В ту же ночь переплыл Буг в другом месте ефрейтор Лисков. По-русски Альфред Лисков. То через 2 «ф» пишется, то «в» на конце. Он переплыл Буг, сдался советским пограничникам и сообщил, что на рассвете 22 июня немецкая армия перейдёт в наступление на всём протяжении советской границы. Об этом, кстати, тоже есть в воспоминаниях Жукова. Но что получилось с Лисковым: ему, конечно же, те пограничники, которые его задержали, это были бойцы 90-го погранотряда майора Бычковского, не поверили. И стали этого Лискова передавать, что называется, по инстанциям. Под конвоем его на машине доставили в город Владимир-Волынский. Там выяснилось, что нет квалифицированного переводчика. Короче, когда его, наконец, допросили, это был час ночи 22 июня 1941 года. Через 3 часа начался артиллерийский обстрел, что полностью подтвердило показания Лискова. Здесь интересна дальнейшая судьба этого человека. Лисков объявил себя коммунистом. От его имени писали советские газеты, его фотография была в советских газетах. Он выступал с антигитлеровскими заявлениями. Таким образом привлёк внимание Коминтерна и сам попал. Им заинтересовалась немецкая секция и другие товарищи. И он стал одним из сотрудников немецкого отдела Коминтерна и участвовал в антифашистской пропаганде.

Но Лисков оказался не столько просто понятен, как это казалось, когда он переплыл. Дело в том, что Лисков считал себя (а может быть, на самом деле был) интеллектуалом и позволял себе критически высказываться о деятельности Коминтерна и написал критическую записку под названием «Что делает Коминтерн». В ней он критиковал советско-германские соглашения 1939 года, что вызвало, конечно, неудовольствие генерального секретаря исполкома Коминтерна Георгия Димитрова, секретаря исполкома Вильгельма Пика и других руководящих товарищей.

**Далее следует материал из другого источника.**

lemma is_factor_in_ata_plus:
  assumes "i \<le> 1" and "j \<le> 1"
  shows "is_factor_in (replicate i 0 @ replicate j 1 @ replicate n 0) ata_plus"
proof -
  have mem: "[0, 1] @ replicate n 0 @ [0] \<in> ata_plus" for n
  proof -
    have "[0, 1] @ replicate n 0 @ [0] = [0, 1, 0] @ replicate n (0::nat)"
      by (simp add: replicate_append_same)
    then show ?thesis
      unfolding ata_plus_def by blast
  qed
  show ?thesis
  proof (cases "j = 0")
    case True
    then show ?thesis
      using mem[of "i + n"] unfolding is_factor_in_def
      by (intro exI[of _ "[0, 1]"] exI[of _ "[0]"]) (simp add: replicate_add)
  next
    case False
    then have "j = 1"
      using assms(2) by simp
    then have "replicate (1 - i) 0 @ (replicate i 0 @ replicate j 1 @ replicate n 0) @ [0]
        = [0, 1] @ replicate n 0 @ [0]"
      using assms(1) by (cases i) auto
    then show ?thesis
      using mem[of n] unfolding is_factor_in_def by metis
  qed
qed

lemma erasures_lam_if_M_lam_ata_plus:
  assumes "variety_contains E (M_lam {ata_plus})" and "(x, y) \<in> E" and "btab_factor_shape x"
  shows "set y \<subseteq> set x"
    and "lam (subst_word erase_b x) (subst_word erase_b y)"
    and "lam (subst_word erase_a_rename_b x) (subst_word erase_a_rename_b y)"
proof -
  obtain e1 e2 e3 e4 where "e1 \<le> e2" "e2 \<le> 1"
    and x: "x = replicate e1 2 @ replicate e2 1 @ replicate e3 0 @ replicate e4 2"
    using assms(3) unfolding btab_factor_shape_def by blast
  then have "is_factor_in (subst_word erase_b x) (lam_class [0, 1, 0])"
    and "is_factor_in (subst_word erase_a_rename_b x) (lam_class [0, 1, 0])"
    using is_factor_in_ata_plus[of 0 e2 e3] is_factor_in_ata_plus[of e1 e2 e4]
    by (auto simp: erase_b_def erase_a_rename_b_def ata_plus_eq_lam_class)
  then show "set y \<subseteq> set x"
    and "lam (subst_word erase_b x) (subst_word erase_b y)"
    and "lam (subst_word erase_a_rename_b x) (subst_word erase_a_rename_b y)"
    using M_lam_identity_imp_lam[OF assms(1)[unfolded ata_plus_eq_lam_class] assms(2)] by blast+
qed

lemma lam_btab_shape_exponents:
  assumes e3: "e3 = 0 \<longleftrightarrow> f3 = 0" "2 \<le> e3 \<longleftrightarrow> 2 \<le> f3"
    and e4: "e4 = 0 \<longleftrightarrow> f4 = 0" "e1 = 0 \<Longrightarrow> 2 \<le> e4 \<longleftrightarrow> 2 \<le> f4"
  shows "lam (replicate e1 2 @ replicate e2 1 @ replicate e3 0 @ replicate e4 2)
    (replicate e1 2 @ replicate e2 1 @ replicate f3 0 @ replicate f4 (2::nat))"
proof -
  define q :: word where "q = replicate e1 2 @ replicate e2 1"
  have "lam (q @ replicate e3 0 @ replicate e4 2) (q @ replicate f3 0 @ replicate e4 2)"
    using lam_append[OF lam_replicate[OF e3]] by blast
  moreover have "lam (q @ replicate f3 0 @ replicate e4 2) (q @ replicate f3 0 @ replicate f4 2)"
  proof (cases "e1 = 0")
    case True
    then show ?thesis
      using lam_append[OF lam_replicate[OF e4(1) e4(2)[OF True], of 2], of "q @ replicate f3 0" "[]"]
      by simp
  next
    case False
    then have q2: "2 \<in> set (q @ replicate f3 0)"
      by (simp add: q_def)
    show ?thesis
      using lam_append_replicate_after[OF q2 e4(1)] by simp
  qed
  ultimately show ?thesis
    unfolding q_def by (auto intro: lam_trans)
qed

lemma lam_if_erasures_lam:
  assumes "btab_factor_shape x" and "btab_factor_shape y"
    and "lam (subst_word erase_b x) (subst_word erase_b y)"
    and "lam (subst_word erase_a_rename_b x) (subst_word erase_a_rename_b y)"
  shows "lam x y"
proof -
  obtain e1 e2 e3 e4 where e: "e1 \<le> e2" "e2 \<le> 1"
    and x: "x = replicate e1 2 @ replicate e2 1 @ replicate e3 0 @ replicate e4 2"
    using assms(1) unfolding btab_factor_shape_def by blast
  obtain f1 f2 f3 f4 where f: "f1 \<le> f2" "f2 \<le> 1"
    and y: "y = replicate f1 2 @ replicate f2 1 @ replicate f3 0 @ replicate f4 2"
    using assms(2) unfolding btab_factor_shape_def by blast
  have l1: "lam (replicate e2 1 @ replicate e3 0) (replicate f2 1 @ replicate f3 0)"
    using assms(3) by (simp add: x y erase_b_def)
  have l2: "lam (replicate e1 0 @ replicate e2 1 @ replicate e4 0)
      (replicate f1 0 @ replicate f2 1 @ replicate f4 0)"
    using assms(4) by (simp add: x y erase_a_rename_b_def)
  have "e2 = 0 \<longleftrightarrow> f2 = 0"
    using lam_count_eq_0_iff[OF l1, of 1] by (simp add: count_list_replicate)
  then have e2: "e2 = f2"
    using e f by linarith
  have e3: "e3 = 0 \<longleftrightarrow> f3 = 0" "2 \<le> e3 \<longleftrightarrow> 2 \<le> f3"
    using lam_count_eq_0_iff[OF l1, of 0] lam_count_ge2_iff[OF l1, of 0]
    by (simp_all add: count_list_replicate)
  have e1: "e1 = f1"
  proof (cases "e2 = 0")
    case False
    then have "e2 = 1" "f2 = 1"
      using e e2 by auto
    then have "e1 = 0 \<longleftrightarrow> f1 = 0"
      using lam_hd_eq[OF l2] by (cases e1; cases f1) auto
    then show ?thesis
      using e f e2 by linarith
  qed (use e f e2 in simp)
  have "e1 + e4 = 0 \<longleftrightarrow> f1 + f4 = 0" "2 \<le> e1 + e4 \<longleftrightarrow> 2 \<le> f1 + f4"
    using lam_count_eq_0_iff[OF l2, of 0] lam_count_ge2_iff[OF l2, of 0]
    by (simp_all add: count_list_replicate)
  then have e4: "e4 = 0 \<longleftrightarrow> f4 = 0" "e1 = 0 \<Longrightarrow> 2 \<le> e4 \<longleftrightarrow> 2 \<le> f4"
    using e1 f by auto
  show ?thesis
    using lam_btab_shape_exponents[OF e3 e4] unfolding x y e1 e2 .
qed

lemma lam_if_btab_factors_identity:
  assumes "variety_contains E (M_lam {ata_plus})" and "(x, y) \<in> E"
    and "is_factor_in x btab_plus" and "is_factor_in y btab_plus"
  shows "lam x y"
  using assms btab_factor_shape_if_is_factor
  by (blast intro: lam_if_erasures_lam dest: erasures_lam_if_M_lam_ata_plus)

lemma erasures_lam_btab_word_imp:
  assumes w: "set w \<subseteq> {0, 1, 2}" and "2 \<le> k" and "1 \<le> m"
    and lb: "lam (1 # replicate k 0) (subst_word erase_b w)"
    and la: "lam (0 # 1 # replicate m 0) (subst_word erase_a_rename_b w)"
  obtains u where "w = 2 # 1 # u" and "set u \<subseteq> {0, 2}"
    and "2 \<le> count_list u 0" and "1 \<le> count_list u 2"
proof -
  have hb: "hd (subst_word erase_b w) = 1" and ha: "hd (subst_word erase_a_rename_b w) = 0"
    using lam_hd_eq[OF lb] lam_hd_eq[OF la] by simp_all
  have "subst_word erase_b w \<noteq> []"
    using lam_set_eq[OF lb] by auto
  then obtain c w' where cw: "w = c # w'" and "c \<in> {0, 1, 2}"
    using w by (cases w) auto
  then have c: "c = 2"
    using hb ha by (auto simp: erase_b_def erase_a_rename_b_def)
  have "subst_word erase_b w' \<noteq> []"
    using lam_set_eq[OF lb] cw c by (auto simp: erase_b_def)
  then obtain c' u where cu: "w' = c' # u" and "c' \<in> {0, 1, 2}"
    using w cw by (cases w') auto
  moreover have "\<not> first_two_adj 0 (subst_word erase_a_rename_b w)"
    using lam_first_two_adj_iff[OF la, of 0] by simp
  ultimately have c': "c' = 1"
    using hb cw c by (auto simp: erase_b_def erase_a_rename_b_def)
  have "\<not> 2 \<le> count_list (subst_word erase_b w) 1"
    and "2 \<le> count_list (subst_word erase_b w) 0"
    and "2 \<le> count_list (subst_word erase_a_rename_b w) 0"
    using lam_count_ge2_iff[OF lb, of 1] lam_count_ge2_iff[OF lb, of 0]
      lam_count_ge2_iff[OF la, of 0] \<open>2 \<le> k\<close> \<open>1 \<le> m\<close>
    by (simp_all add: count_list_replicate)
  then have "\<not> 2 \<le> count_list w 1" and "2 \<le> count_list w 0" and "2 \<le> count_list w 2"
    by (simp_all only: count_list_erase_b count_list_erase_a_rename_b) simp_all
  then have "count_list u 1 = 0" and "2 \<le> count_list u 0" and "1 \<le> count_list u 2"
    by (simp_all add: cw cu c c')
  moreover have "set u \<subseteq> {0, 2}"
    using w \<open>count_list u 1 = 0\<close> by (auto simp: cw cu count_list_0_iff)
  ultimately show thesis
    using that cw cu c c' by blast
qed

context xtx_theory
begin

lemma escape_from_btab_plus_imp_target:
  assumes "variety_contains E (M_lam {ata_plus})" and "(L, w) \<in> E"
    and "L \<in> btab_plus" and "w \<notin> btab_plus"
  shows "([2, 1, 0, 0, 2], [2, 1, 0, 0, 2, 0, 2]) \<in> E"
proof -
  obtain k m where L: "L = [2, 1] @ replicate k 0 @ replicate m 2" and "2 \<le> k" "1 \<le> m"
    using assms(3) unfolding btab_plus_def by blast
  have "is_factor_in L btab_plus"
    using assms(3) unfolding is_factor_in_def by (metis append_Nil append_Nil2)
  then have "set w \<subseteq> set L"
    and "lam (subst_word erase_b L) (subst_word erase_b w)"
    and "lam (subst_word erase_a_rename_b L) (subst_word erase_a_rename_b w)"
    using erasures_lam_if_M_lam_ata_plus[OF assms(1,2)] btab_factor_shape_if_is_factor by blast+
  then have "set w \<subseteq> {0, 1, 2}"
    and "lam (1 # replicate k 0) (subst_word erase_b w)"
    and "lam (0 # 1 # replicate m 0) (subst_word erase_a_rename_b w)"
    by (auto simp: L erase_b_def erase_a_rename_b_def set_replicate_conv_if split: if_splits)
  then obtain u where u: "w = 2 # 1 # u" "set u \<subseteq> {0, 2}"
    and "2 \<le> count_list u 0" "1 \<le> count_list u 2"
    using erasures_lam_btab_word_imp \<open>2 \<le> k\<close> \<open>1 \<le> m\<close> by blast
  have "\<not> sorted u"
  proof
    assume "sorted u"
    then obtain i j where "u = replicate i 0 @ replicate j 2"
      using sorted_two_letters_eq_replicate[of u 0 2] u(2) by auto
    then have "w \<in> btab_plus"
      using u(1) \<open>2 \<le> count_list u 0\<close> \<open>1 \<le> count_list u 2\<close>
      unfolding btab_plus_def by (auto simp: count_list_replicate)
    then show False
      using assms(4) by simp
  qed
  then show ?thesis
    using btab_identity_imp_target[of k m u] assms(2) L u \<open>1 \<le> m\<close> by simp
qed

end

theorem lemma4p3:
  fixes E :: "(word \<times> word) set"
  assumes "equational_theory E"
    and "([0, 1, 0], [0, 1, 0, 0]) \<in> E"
    and "variety_contains E (M_lam {ata_plus})"
    and "\<not> variety_contains E (M_lam {btab_plus})"
  shows "([0, 1, 2, 2, 0], [0, 1, 2, 2, 0, 2, 0]) \<in> E"
proof -
  interpret xtx_theory E
    using assms(1,2) by unfold_locales
  obtain x y where xy: "(x, y) \<in> E" and x: "is_factor_in x btab_plus"
    and "\<not> (is_factor_in y btab_plus \<and> lam x y)"
    using not_variety_contains_M_lam[OF assms(1,4)[unfolded btab_plus_eq_lam_class]]
    unfolding btab_plus_eq_lam_class by blast
  then have "\<not> is_factor_in y btab_plus"
    using lam_if_btab_factors_identity[OF assms(3) xy x] by blast
  moreover obtain p s where "p @ x @ s \<in> btab_plus"
    using x unfolding is_factor_in_def by blast
  ultimately have "([2, 1, 0, 0, 2], [2, 1, 0, 0, 2, 0, 2]) \<in> E"
    using escape_from_btab_plus_imp_target[OF assms(3) E_append[OF xy]]
    unfolding is_factor_in_def by blast
  from E_subst[OF this, of "\<lambda>z. if z = 0 then [2] else if z = 2 then [0] else [z]"]
  show ?thesis
    by simp
qed

end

В сентябре 1941 года Георгий Димитров пишет в своём дневнике: «Вызвал товарища Трофимова [это уполномоченный НКВД], речь шла об изоляции немецкого дезертира Лискова за его подрывную деятельность. Он, вне сомнения, фашист и антисемит. Возможно, в своё время был даже послан сюда немцами со спецзаданием. Отправил по этому поводу шифротелеграмму Берии». Сами понимаете, вскоре Лисков был арестован за распространение клеветнических измышлений в адрес руководителей Коминтерна. На следствии, как в документах сказано, он проявил признаки психического расстройства. Был направлен на экспертизу в Институт судебной психиатрии. И экспертиза, видимо, признала, что у Лискова психическое расстройство на самом деле. И судебное следствие было прекращено. И он был направлен в Новосибирск. И пропал, бесследно исчез в конце 1943 года. И судьба этого человека неизвестна до сих пор. Что с ним случилось, я вам сказать не могу.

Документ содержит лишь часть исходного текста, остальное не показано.